■ Task goal ■
What you give back should be only the lines from the one holding "using assms(1-3) \<open>u" through the final line of the records, each reproduced exactly.

Collected data:
lemma tgt_last_in_V: "nb_walk p \<Longrightarrow> p \<noteq> [] \<Longrightarrow> tgt (last p) \<in> V"
  using nb_walk_subset rv_in_D org_in_V by (auto simp: subset_iff)

lemma walk_end_in_V: "nb_walk p \<Longrightarrow> x \<in> V \<Longrightarrow> walk_end x p \<in> V"
  unfolding walk_end_def using nb_walk_subset rv_in_D org_in_V by (auto simp: subset_iff)

lemma is_walk_end_in_closed_set:
  assumes closed: "\<And>f. f \<in> D \<Longrightarrow> org f \<in> X \<Longrightarrow> tgt f \<in> X"
  shows "is_walk D rv org ws \<Longrightarrow> ws \<noteq> [] \<Longrightarrow> org (hd ws) \<in> X \<Longrightarrow> tgt (last ws) \<in> X"
proof (induction ws)
  case (Cons e ws)
  then have "tgt e \<in> X" using closed is_walk_Cons by auto
  then show ?case using Cons.IH Cons.prems by (cases "ws = []") (auto simp: is_walk_Cons)
qed simp

lemma closed_set_eq_V:
  assumes "graph_connected V D rv org" "X \<subseteq> V" "x \<in> X"
    and "\<And>f. f \<in> D \<Longrightarrow> org f \<in> X \<Longrightarrow> tgt f \<in> X"
  shows "X = V"
proof
  show "V \<subseteq> X"
  proof
    fix u assume "u \<in> V"
    show "u \<in> X"
    proof (cases "x = u")
      case False
      then obtain ws where "ws \<noteq> []" "is_walk D rv org ws" "org (hd ws) = x" "tgt (last ws) = u"
        using assms(1-3) \<open>u \<in> V\<close> unfolding graph_connected_def trm_def by blast
      then show ?thesis using is_walk_end_in_closed_set[OF assms(4)] assms(3) by blast
    qed (use assms(3) in simp)
  qed
qed (rule assms(2))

■ Written response ■
        using assms(1-3) \<open>u \<in> V\<close> unfolding graph_connected_def trm_def by blast
      then show ?thesis using is_walk_end_in_closed_set[OF assms(4)] assms(3) by blast
    qed (use assms(3) in simp)
  qed
qed (rule assms(2))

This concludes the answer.